As professional engineers our job is not only to make the architects ideas work, but also to steer them away from costly options that have no benefit.

csd
 
are both retaining wall footings at the same level? if not, i'm picturing that the stress distribution from the outside wall footing would need to be added to the soil pressure against the basement wall.
 
csd72,

You shouldn't get frost heave in the gravel for two reasons - there is always room for the water to expand in the gravel pore spaces during freezing, and the frost won't penetrate to the drainage elevation.

Jeff
 
Jeff, what if the drains freeze over and the water rises behind the wall?

We had floods near my work because of frozen storm drains.

csd
 
Will a reinforced 16" CMU wall work for the soil conditions if there is restraint at the top (either pinned or a propped catilever)? 16" block are available in different strengths in most of the civilized world.

Thay way you get the appearance the poster desires. - Probably to match interior walls.

If you want en exercise in calculations/sophitication, try prestressed.

Dick
 
I agree with concretemasonry,

I was trying to infer this above. One wall will be much cheaper than two.

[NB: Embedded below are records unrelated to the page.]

lemma Lp_negligible_null_sets:
  assumes "Lp_negligible B M p A" and "\<phi> \<in> Lp_space B M p" and "E \<in> sets M" and "E \<subseteq> A"
    and "\<And>x. x \<in> E \<Longrightarrow> \<phi> x \<noteq> 0"
  shows "E \<in> null_sets M"
proof -
  have "AE x in M. x \<in> A \<longrightarrow> \<phi> x = 0"
    using assms(1,2) by (simp add: Lp_negligible_def)
  then have "AE x in M. x \<notin> E"
    using assms(4,5) by (auto elim: eventually_mono)
  then show ?thesis
    using AE_iff_null_sets[OF assms(3)] by simp
qed

lemma eq_if_in_shrinking_balls:
  fixes x y :: "'b::metric_space"
  assumes "\<And>n. x \<in> ball (d n) (1 / real (Suc n))" and "\<And>n. y \<in> ball (d n) (1 / real (Suc n))"
  shows "x = y"
proof (rule ccontr)
  assume "x \<noteq> y"
  then obtain n where n: "inverse (real (Suc n)) < dist x y / 2"
    using reals_Archimedean[of "dist x y / 2"] by auto
  have "dist x y \<le> dist x (d n) + dist (d n) y"
    by (rule dist_triangle)
  also have "\<dots> < 1 / real (Suc n) + 1 / real (Suc n)"
    using assms[of n] by (intro add_strict_mono) (auto simp: dist_commute)
  finally show False
    using n by (simp add: field_simps)
qed

lemma exists_ball_not_null:
  fixes h :: "'a \<Rightarrow> 'b::{metric_space,second_countable_topology}"
  assumes S: "S \<notin> null_sets M" and r: "0 < r"
  shows "\<exists>y. {x \<in> S. h x \<in> ball y r} \<notin> null_sets M"
proof (rule ccontr)
  obtain D :: "'b set" where D: "countable D" "\<And>X. open X \<Longrightarrow> X \<noteq> {} \<Longrightarrow> \<exists>d\<in>D. d \<in> X"
    using countable_dense_setE by blast
  assume "\<not> ?thesis"
  then have "(\<Union>d\<in>D. {x \<in> S. h x \<in> ball d r}) \<in> null_sets M"
    using D(1) by (intro null_sets_UN') auto
  moreover have "S = (\<Union>d\<in>D. {x \<in> S. h x \<in> ball d r})"
  proof (intro equalityI subsetI)
    fix x
    assume "x \<in> S"
    moreover obtain d where "d \<in> D" "d \<in> ball (h x) r"
      using D(2)[of "ball (h x) r"] r by auto
    ultimately show "x \<in> (\<Union>d\<in>D. {x \<in> S. h x \<in> ball d r})"
      by (auto simp: dist_commute)
  qed auto
  ultimately show False
    using S by simp
qed

lemma AE_eq_const_if_balls_trivial:
  fixes h :: "'a \<Rightarrow> 'b::{metric_space,second_countable_topology}"
  assumes h: "h \<in> borel_measurable M" and S: "S \<in> sets M"
    and trivial: "\<And>y r. 0 < r \<Longrightarrow>
      {x \<in> S. h x \<in> ball y r} \<in> null_sets M \<or> {x \<in> S. h x \<notin> ball y r} \<in> null_sets M"
  shows "\<exists>c. AE x in M. x \<in> S \<longrightarrow> h x = c"
proof (cases "S \<in> null_sets M")
  case True
  then show ?thesis
    using AE_not_in[OF True] by (auto elim: eventually_mono)
next
  case False
  define r where "r n = 1 / real (Suc n)" for n
  have r: "0 < r n" for n
    by (simp add: r_def)
  \<comment> \<open>By the dichotomy, a non-null ball of radius r n contains h on almost all of S.\<close>
  have "\<forall>n. \<exists>y. {x \<in> S. h x \<in> ball y (r n)} \<notin> null_sets M"
    using exists_ball_not_null[OF False r] by blast
  then obtain d where d: "\<And>n. {x \<in> S. h x \<in> ball (d n) (r n)} \<notin> null_sets M"
    by (metis choice)
  have "{x \<in> S. h x \<notin> ball (d n) (r n)} \<in> null_sets M" for n
    using trivial[OF r, of "d n" n] d[of n] by blast
  then have "\<And>n. AE x in M. x \<notin> {x \<in> S. h x \<notin> ball (d n) (r n)}"
    by (rule AE_not_in)
  then have "AE x in M. \<forall>n. x \<notin> {x \<in> S. h x \<notin> ball (d n) (r n)}"
    unfolding AE_all_countable by blast
  then have in_balls: "AE x in M. x \<in> S \<longrightarrow> (\<forall>n. h x \<in> ball (d n) (r n))"
    by (auto elim: eventually_mono)
  obtain x0 where x0: "x0 \<in> S" "\<And>n. h x0 \<in> ball (d n) (r n)"
  proof (rule ccontr)
    assume "\<not> thesis"
    then have "\<forall>x\<in>S. \<not> (\<forall>n. h x \<in> ball (d n) (r n))"
      using that by blast
    with in_balls have "AE x in M. x \<notin> S"
      by (auto elim!: eventually_mono)
    then show False
      using False AE_iff_null_sets[OF S] by simp
  qed
  have "h x = h x0" if "\<forall>n. h x \<in> ball (d n) (r n)" for x
    using that x0(2) unfolding r_def by (intro eq_if_in_shrinking_balls[where d = d]) auto
  with in_balls have "AE x in M. x \<in> S \<longrightarrow> h x = h x0"
    by (auto elim!: eventually_mono)
  then show ?thesis
    by blast
qed

lemma AE_eq_const_on_atom:
  fixes h :: "'a \<Rightarrow> 'c::{metric_space,second_countable_topology}"
  assumes h: "h \<in> borel_measurable M" and S: "S \<in> sets M" and "S \<subseteq> D"
    and \<phi>: "\<phi> \<in> Lp_space B M p" and \<phi>_nonzero: "\<And>x. x \<in> S \<Longrightarrow> \<phi> x \<noteq> 0"
    and atom: "\<And>E. E \<in> sets M \<Longrightarrow> E \<subseteq> D \<Longrightarrow> Lp_negligible B M p E \<or> Lp_negligible B M p (D - E)"
  shows "\<exists>c. AE x in M. x \<in> S \<longrightarrow> h x = c"
proof (rule AE_eq_const_if_balls_trivial[OF h S])
  fix y :: 'c and r :: real
  define E where "E = {x \<in> S. h x \<in> ball y r}"
  have "E = S \<inter> (h -` ball y r \<inter> space M)"
    using sets.sets_into_space[OF S] by (auto simp: E_def)
  then have E: "E \<in> sets M"
    using S h by auto
  have "E \<subseteq> D"
    using \<open>S \<subseteq> D\<close> by (auto simp: E_def)
  \<comment> \<open>\<phi> does not vanish on S, so a negligible part of S is a null set.\<close>
  from atom[OF E this] show "{x \<in> S. h x \<in> ball y r} \<in> null_sets M \<or> {x \<in> S. h x \<notin> ball y r} \<in> null_sets M"
  proof
    assume "Lp_negligible B M p E"
    then have "E \<in> null_sets M"
      by (rule Lp_negligible_null_sets[OF _ \<phi> E subset_refl]) (auto simp: E_def \<phi>_nonzero)
    then show ?thesis
      by (simp add: E_def)
  next
    assume negl: "Lp_negligible B M p (D - E)"
    have "{x \<in> S. h x \<notin> ball y r} = S - E"
      by (auto simp: E_def)
    then have "{x \<in> S. h x \<notin> ball y r} \<in> null_sets M"
      using S E \<open>S \<subseteq> D\<close> \<phi>_nonzero by (intro Lp_negligible_null_sets[OF negl \<phi>]) auto
    then show ?thesis
      by simp
  qed
qed

lemma Lp_eq_multiple_on_atom:
  assumes D: "D \<in> sets M"
    and atom: "\<And>E. E \<in> sets M \<Longrightarrow> E \<subseteq> D \<Longrightarrow> Lp_negligible B M p E \<or> Lp_negligible B M p (D - E)"
    and \<phi>: "\<phi> \<in> Lp_space B M p" and \<phi>_nonzero: "\<not> (AE x in M. x \<in> D \<longrightarrow> \<phi> x = 0)"
    and g: "g \<in> Lp_space B M p"
  shows "\<exists>c. AE x in M. x \<in> D \<longrightarrow> g x = c * \<phi> x"
proof -
  have \<phi>_meas: "\<phi> \<in> borel_measurable M" and g_meas: "g \<in> borel_measurable M"
    using \<phi> g by (auto simp: Lp_space_def)
  define S where "S = {x \<in> space M. x \<in> D \<and> \<phi> x \<noteq> 0}"
  have S: "S \<in> sets M"
    unfolding S_def using D \<phi>_meas by measurable
  have "S \<subseteq> D"
    by (auto simp: S_def)
  have "\<not> Lp_negligible B M p S"
  proof
    assume "Lp_negligible B M p S"
    then have "AE x in M. x \<in> S \<longrightarrow> \<phi> x = 0"
      using \<phi> by (simp add: Lp_negligible_def)
    then have "AE x in M. x \<in> D \<longrightarrow> \<phi> x = 0"
      by (auto simp: S_def elim!: eventually_mono[OF AE_space[THEN AE_conjI]] eventually_mono)
    then show False
      using \<phi>_nonzero by simp
  qed
  then have "Lp_negligible B M p (D - S)"
    using atom[OF S \<open>S \<subseteq> D\<close>] by blast
  then have g_outside: "AE x in M. x \<in> D - S \<longrightarrow> g x = 0"
    using g by (simp add: Lp_negligible_def)
  define h where "h x = g x / \<phi> x" for x
  have h_meas: "h \<in> borel_measurable M"
    unfolding h_def using g_meas \<phi>_meas by measurable
  have "\<exists>c. AE x in M. x \<in> S \<longrightarrow> h x = c"
    by (rule AE_eq_const_on_atom[OF h_meas S \<open>S \<subseteq> D\<close> \<phi> _ atom]) (simp add: S_def)
  then obtain c where c: "AE x in M. x \<in> S \<longrightarrow> h x = c"
    by blast
  have "AE x in M. x \<in> D \<longrightarrow> g x = c * \<phi> x"
    using c g_outside AE_space
  proof eventually_elim
    case (elim x)
    then show ?case
      by (cases "\<phi> x = 0") (auto simp: S_def h_def)
  qed
  then show ?thesis
    by blast
qed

This is the reason why you are involved in the first place, not just to ensure life safety but also to ensure that it is done with a reasonable level of economy.

In my opinion, just going ahead and designing the double walls without trying to steer the architect away from it is a definate case of client neglect.

csd
 
In very specific instances, this solution is the economical one. If you have no where for the lateral force to go one it gets into your single basement wall, then the idea of the double wall may be the economical solution.